Is "Actor Peter Fonda found dead body inside car" correct?

"Actor Peter Fonda found dead body inside car" - that's the title that Yahoo first chose for its news article confusing so many people Is this kind of title correct? (They just changed to "Police: actor Peter Fonda finds dead body in car").


When writing for press, I was always taught to use present tense in titles to avoid this type of confusion. I would consider this an error on the writer's part, but Yahoo tends to take its articles from bloggers and other submitted materials, so you can't always rely on it to be in proper form.

I think this sounds a little bit clearer: "Actor Peter Fonda Finds Dead Body Inside Car"

OR, if it was his body, then the past tense would be appropriate, because it doesn't say who found it:

"Body of Actor Peter Fonda Found Dead Inside Car"


The headline makes sense.

(Actor Peter Fonda) found [a] (dead body inside [a] car)
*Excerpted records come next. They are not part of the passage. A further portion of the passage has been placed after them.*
lemma nonneg_combinations_sum:
  assumes "finite W" "W \<subseteq> nonneg_combinations V" "\<forall>w\<in>W. 0 \<le> c w"
  shows "(\<lambda>j. \<Sum>w\<in>W. c w * w j) \<in> nonneg_combinations V"
  using assms
proof (induction W rule: finite_induct)
  case empty
  then show ?case using nonneg_combinations_zero by simp
next
  case (insert w W)
  then show ?case
    using nonneg_combinations_add[OF nonneg_combinations_scale[of w V "c w"] insert.IH] by auto
qed

lemma nonneg_combinations_subset:
  assumes "finite W" "W \<subseteq> nonneg_combinations V"
  shows "nonneg_combinations W \<subseteq> nonneg_combinations V"
  using nonneg_combinations_sum[OF assms] unfolding nonneg_combinations_def[of W] by auto

lemma nonneg_combinations_image:
  assumes "finite R" "x \<in> nonneg_combinations (f ` R)"
  obtains p where "\<forall>i\<in>R. 0 \<le> p i" "x = (\<lambda>j. \<Sum>i\<in>R. p i * f i j)"
proof -
  obtain c where c: "\<forall>v\<in>f ` R. 0 \<le> c v" "x = (\<lambda>j. \<Sum>v\<in>f ` R. c v * v j)"
    using assms(2) unfolding nonneg_combinations_def by auto
  define fibre where "fibre v = {i\<in>R. f i = v}" for v
  define p where "p i = c (f i) / card (fibre (f i))" for i
  have fibre_card: "card (fibre (f i)) > 0" if "i \<in> R" for i
    unfolding fibre_def using assms(1) that by (auto simp: card_gt_0_iff)
  have "(\<Sum>i\<in>R. p i * f i j) = x j" for j
  proof -
    have "(\<Sum>i\<in>R. p i * f i j) = (\<Sum>v\<in>f ` R. \<Sum>i\<in>fibre v. p i * f i j)"
      unfolding fibre_def using assms(1) by (rule sum.image_gen)
    also have "\<dots> = (\<Sum>v\<in>f ` R. c v * v j)"
    proof (rule sum.cong[OF refl])
      fix v assume "v \<in> f ` R"
      then obtain i0 where "i0 \<in> R" "f i0 = v" by auto
      moreover have "(\<Sum>i\<in>fibre v. p i * f i j) = card (fibre v) * (c v / card (fibre v) * v j)"
        by (simp add: p_def fibre_def)
      ultimately show "(\<Sum>i\<in>fibre v. p i * f i j) = c v * v j"
        using fibre_card by fastforce
    qed
    finally show ?thesis using c(2) by simp
  qed
  moreover have "\<forall>i\<in>R. 0 \<le> p i" using c(1) unfolding p_def by auto
  ultimately show ?thesis using that by auto
qed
However it appears to be a garden-path sentence (or Crash Blossom). This is because you first read it as

(Actor Peter Fonda found dead) ...

and it isn't until you get to "body" that you have to go back and re-analyze the sentence.
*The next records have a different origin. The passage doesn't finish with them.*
(* Let $n\ge1$, $d\in\mathbb{R}$ and $\varepsilon,\theta\in(0,1)$. There is a constant $\rho_0>0$ depending only on $n,d,\varepsilon,\theta$ such that for every $\rho\ge\rho_0$, $$\varepsilon(\rho+|x|^2)^{d/2}\le\mathcal{B}\big[(\rho+|\cdot|^2)^{d/2}\big](x)\le\theta^{-1}(\rho+|x|^2)^{d/2}\qquad(x\in\mathbb{R}^n).$$ Moreover, $\rho_0$ stays bounded when $d$ ranges over a bounded set.
   Context: $\mathcal{B}=(I-\Delta)^{-1}$ on $\mathbb{R}^n$, i.e. $\mathcal{B}\varphi=B*\varphi$ with $B=\mathcal{F}^{-1}((1+|\xi|^2)^{-1})$. *)

theory Defs
  imports "HOL-Analysis.Analysis"
begin

text \<open>Bessel kernel B = inverse Fourier transform of (1+|xi|^2)^(-1) on R^n,
  given by its standard heat-kernel (subordination) representation
  B(x) = int_0^infty (4 pi t)^(-n/2) exp(-t - |x|^2/(4t)) dt, with n = DIM('a).\<close>
definition bessel_kernel :: "'a::euclidean_space \<Rightarrow> real" where
  "bessel_kernel x =
     (LBINT t:{0<..}. (4 * pi * t) powr (- real DIM('a) / 2) * exp (- t - (norm x)\<^sup>2 / (4 * t)))"

text \<open>The operator (I - Laplacian)^(-1): convolution with the Bessel kernel.\<close>
definition bessel_op :: "('a::euclidean_space \<Rightarrow> real) \<Rightarrow> 'a \<Rightarrow> real" where
  "bessel_op \<phi> x = (\<integral>y. bessel_kernel (x - y) * \<phi> y \<partial>lborel)"

end

theory Submission
  imports Defs "HOL-Probability.Distributions"
begin

(* The Bessel kernel is the subordinated heat kernel, B = int_0^oo e^(-t) h_t dt.  Every heat
   kernel h_t is a probability density, hence so is B; and the Gaussian decay of h_t gives B a
   finite exponential moment M = int B(z) e^(|z|/4) dz.  On the other side, the logarithm of
   sqrt (rho + |y|^2) is (1/sqrt rho)-Lipschitz in y, so for 8|d| <= sqrt rho the weight
   w(y) = (rho + |y|^2)^(d/2) satisfies |w(y) - w(x)| <= (8|d|/sqrt rho) e^(|x-y|/4) w(x).
   Averaging this against the probability density B(x - .) yields
   |B w(x) - w(x)| <= (8|d| M/sqrt rho) w(x), a fraction of w(x) that is small uniformly in
   |d| <= D once rho is large. *)

lemma abs_exp_minus_one_le: "\<bar>exp (a::real) - 1\<bar> \<le> \<bar>a\<bar> * exp \<bar>a\<bar>"
proof (cases "0 \<le> a")
  case True
  have "(1 - a) * exp a \<le> exp (- a) * exp a"
    using exp_ge_add_one_self[of "- a"] by (intro mult_right_mono) auto
  with True show ?thesis by (simp add: exp_minus algebra_simps)
next
  case False
  have "1 - exp a \<le> - a" using exp_ge_add_one_self[of a] by linarith
  also have "\<dots> \<le> - a * exp (- a)" using False by simp
  finally show ?thesis using False by simp
qed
If it had a comma, then the meaning would change:

Actor Peter Fonda found dead, body inside car

In that case Peter Fonda is dead and his body is inside a car. I'd say that without that comma you can't infer that meaning.


I would omit the "dead" as unnecessary because in news reporting of this kind, found bodies are always in the formerly alive condition. -- retired copy editor and headline writer.